── Exercise data
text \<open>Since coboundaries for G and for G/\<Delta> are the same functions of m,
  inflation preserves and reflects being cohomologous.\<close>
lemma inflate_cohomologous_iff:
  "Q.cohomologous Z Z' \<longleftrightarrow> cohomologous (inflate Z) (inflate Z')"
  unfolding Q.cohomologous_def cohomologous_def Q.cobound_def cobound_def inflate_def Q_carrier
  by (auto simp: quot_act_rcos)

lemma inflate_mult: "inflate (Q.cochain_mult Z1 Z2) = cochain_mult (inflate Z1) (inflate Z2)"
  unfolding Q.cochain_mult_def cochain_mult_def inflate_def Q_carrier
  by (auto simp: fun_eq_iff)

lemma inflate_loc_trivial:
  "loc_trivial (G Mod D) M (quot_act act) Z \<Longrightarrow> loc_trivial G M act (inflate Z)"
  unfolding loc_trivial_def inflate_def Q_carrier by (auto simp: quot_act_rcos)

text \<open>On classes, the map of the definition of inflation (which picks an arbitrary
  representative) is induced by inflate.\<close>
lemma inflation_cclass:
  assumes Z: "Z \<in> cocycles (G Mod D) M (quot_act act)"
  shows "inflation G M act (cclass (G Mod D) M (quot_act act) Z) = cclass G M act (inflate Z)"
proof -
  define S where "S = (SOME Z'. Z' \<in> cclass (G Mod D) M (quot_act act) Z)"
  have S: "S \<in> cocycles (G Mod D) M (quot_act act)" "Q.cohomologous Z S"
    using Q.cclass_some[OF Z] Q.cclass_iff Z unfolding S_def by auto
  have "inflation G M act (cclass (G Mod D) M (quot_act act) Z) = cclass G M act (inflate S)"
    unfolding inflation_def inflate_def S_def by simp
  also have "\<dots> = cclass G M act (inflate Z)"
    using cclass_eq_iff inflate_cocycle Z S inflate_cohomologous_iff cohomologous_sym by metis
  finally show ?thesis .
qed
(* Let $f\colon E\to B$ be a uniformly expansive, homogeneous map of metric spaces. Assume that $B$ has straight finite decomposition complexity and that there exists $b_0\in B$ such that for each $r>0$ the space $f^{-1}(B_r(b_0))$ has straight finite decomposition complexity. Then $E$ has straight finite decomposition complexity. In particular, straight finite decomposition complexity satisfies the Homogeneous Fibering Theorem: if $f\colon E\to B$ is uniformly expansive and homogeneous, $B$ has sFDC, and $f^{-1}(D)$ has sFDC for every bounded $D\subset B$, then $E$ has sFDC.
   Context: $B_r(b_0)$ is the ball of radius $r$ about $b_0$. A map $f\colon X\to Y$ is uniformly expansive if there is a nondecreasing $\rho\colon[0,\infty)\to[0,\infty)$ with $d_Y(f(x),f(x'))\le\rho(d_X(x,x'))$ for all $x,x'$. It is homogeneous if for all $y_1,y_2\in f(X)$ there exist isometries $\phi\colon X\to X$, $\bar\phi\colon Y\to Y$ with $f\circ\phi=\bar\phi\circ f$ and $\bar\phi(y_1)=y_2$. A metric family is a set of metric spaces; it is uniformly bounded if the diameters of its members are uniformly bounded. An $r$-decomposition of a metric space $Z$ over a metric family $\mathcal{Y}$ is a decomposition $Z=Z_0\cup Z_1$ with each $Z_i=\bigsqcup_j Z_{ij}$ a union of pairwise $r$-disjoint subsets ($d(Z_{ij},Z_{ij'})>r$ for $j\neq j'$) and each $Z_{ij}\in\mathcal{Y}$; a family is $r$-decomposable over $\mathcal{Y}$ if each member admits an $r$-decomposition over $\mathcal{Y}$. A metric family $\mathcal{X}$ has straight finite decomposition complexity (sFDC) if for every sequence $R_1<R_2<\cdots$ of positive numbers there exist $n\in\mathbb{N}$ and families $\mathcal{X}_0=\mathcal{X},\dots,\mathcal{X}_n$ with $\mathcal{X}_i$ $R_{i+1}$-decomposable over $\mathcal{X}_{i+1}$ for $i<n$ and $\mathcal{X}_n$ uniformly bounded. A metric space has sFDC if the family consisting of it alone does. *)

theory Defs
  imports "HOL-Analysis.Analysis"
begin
────
-- Task description --
The material must be written out again in full and without changes.

-- Solution below --
text \<open>Since coboundaries for G and for G/\<Delta> are the same functions of m,
  inflation preserves and reflects being cohomologous.\<close>
lemma inflate_cohomologous_iff:
  "Q.cohomologous Z Z' \<longleftrightarrow> cohomologous (inflate Z) (inflate Z')"
  unfolding Q.cohomologous_def cohomologous_def Q.cobound_def cobound_def inflate_def Q_carrier
  by (auto simp: quot_act_rcos)

lemma inflate_mult: "inflate (Q.cochain_mult Z1 Z2) = cochain_mult (inflate Z1) (inflate Z2)"
  unfolding Q.cochain_mult_def cochain_mult_def inflate_def Q_carrier
  by (auto simp: fun_eq_iff)

lemma inflate_loc_trivial:
  "loc_trivial (G Mod D) M (quot_act act) Z \<Longrightarrow> loc_trivial G M act (inflate Z)"
  unfolding loc_trivial_def inflate_def Q_carrier by (auto simp: quot_act_rcos)

text \<open>On classes, the map of the definition of inflation (which picks an arbitrary
  representative) is induced by inflate.\<close>
lemma inflation_cclass:
  assumes Z: "Z \<in> cocycles (G Mod D) M (quot_act act)"
  shows "inflation G M act (cclass (G Mod D) M (quot_act act) Z) = cclass G M act (inflate Z)"
proof -
  define S where "S = (SOME Z'. Z' \<in> cclass (G Mod D) M (quot_act act) Z)"
  have S: "S \<in> cocycles (G Mod D) M (quot_act act)" "Q.cohomologous Z S"
    using Q.cclass_some[OF Z] Q.cclass_iff Z unfolding S_def by auto
  have "inflation G M act (cclass (G Mod D) M (quot_act act) Z) = cclass G M act (inflate S)"
    unfolding inflation_def inflate_def S_def by simp
  also have "\<dots> = cclass G M act (inflate Z)"
    using cclass_eq_iff inflate_cocycle Z S inflate_cohomologous_iff cohomologous_sym by metis
  finally show ?thesis .
qed
(* Let $f\colon E\to B$ be a uniformly expansive, homogeneous map of metric spaces. Assume that $B$ has straight finite decomposition complexity and that there exists $b_0\in B$ such that for each $r>0$ the space $f^{-1}(B_r(b_0))$ has straight finite decomposition complexity. Then $E$ has straight finite decomposition complexity. In particular, straight finite decomposition complexity satisfies the Homogeneous Fibering Theorem: if $f\colon E\to B$ is uniformly expansive and homogeneous, $B$ has sFDC, and $f^{-1}(D)$ has sFDC for every bounded $D\subset B$, then $E$ has sFDC.
   Context: $B_r(b_0)$ is the ball of radius $r$ about $b_0$. A map $f\colon X\to Y$ is uniformly expansive if there is a nondecreasing $\rho\colon[0,\infty)\to[0,\infty)$ with $d_Y(f(x),f(x'))\le\rho(d_X(x,x'))$ for all $x,x'$. It is homogeneous if for all $y_1,y_2\in f(X)$ there exist isometries $\phi\colon X\to X$, $\bar\phi\colon Y\to Y$ with $f\circ\phi=\bar\phi\circ f$ and $\bar\phi(y_1)=y_2$. A metric family is a set of metric spaces; it is uniformly bounded if the diameters of its members are uniformly bounded. An $r$-decomposition of a metric space $Z$ over a metric family $\mathcal{Y}$ is a decomposition $Z=Z_0\cup Z_1$ with each $Z_i=\bigsqcup_j Z_{ij}$ a union of pairwise $r$-disjoint subsets ($d(Z_{ij},Z_{ij'})>r$ for $j\neq j'$) and each $Z_{ij}\in\mathcal{Y}$; a family is $r$-decomposable over $\mathcal{Y}$ if each member admits an $r$-decomposition over $\mathcal{Y}$. A metric family $\mathcal{X}$ has straight finite decomposition complexity (sFDC) if for every sequence $R_1<R_2<\cdots$ of positive numbers there exist $n\in\mathbb{N}$ and families $\mathcal{X}_0=\mathcal{X},\dots,\mathcal{X}_n$ with $\mathcal{X}_i$ $R_{i+1}$-decomposable over $\mathcal{X}_{i+1}$ for $i<n$ and $\mathcal{X}_n$ uniformly bounded. A metric space has sFDC if the family consisting of it alone does. *)

theory Defs
  imports "HOL-Analysis.Analysis"
begin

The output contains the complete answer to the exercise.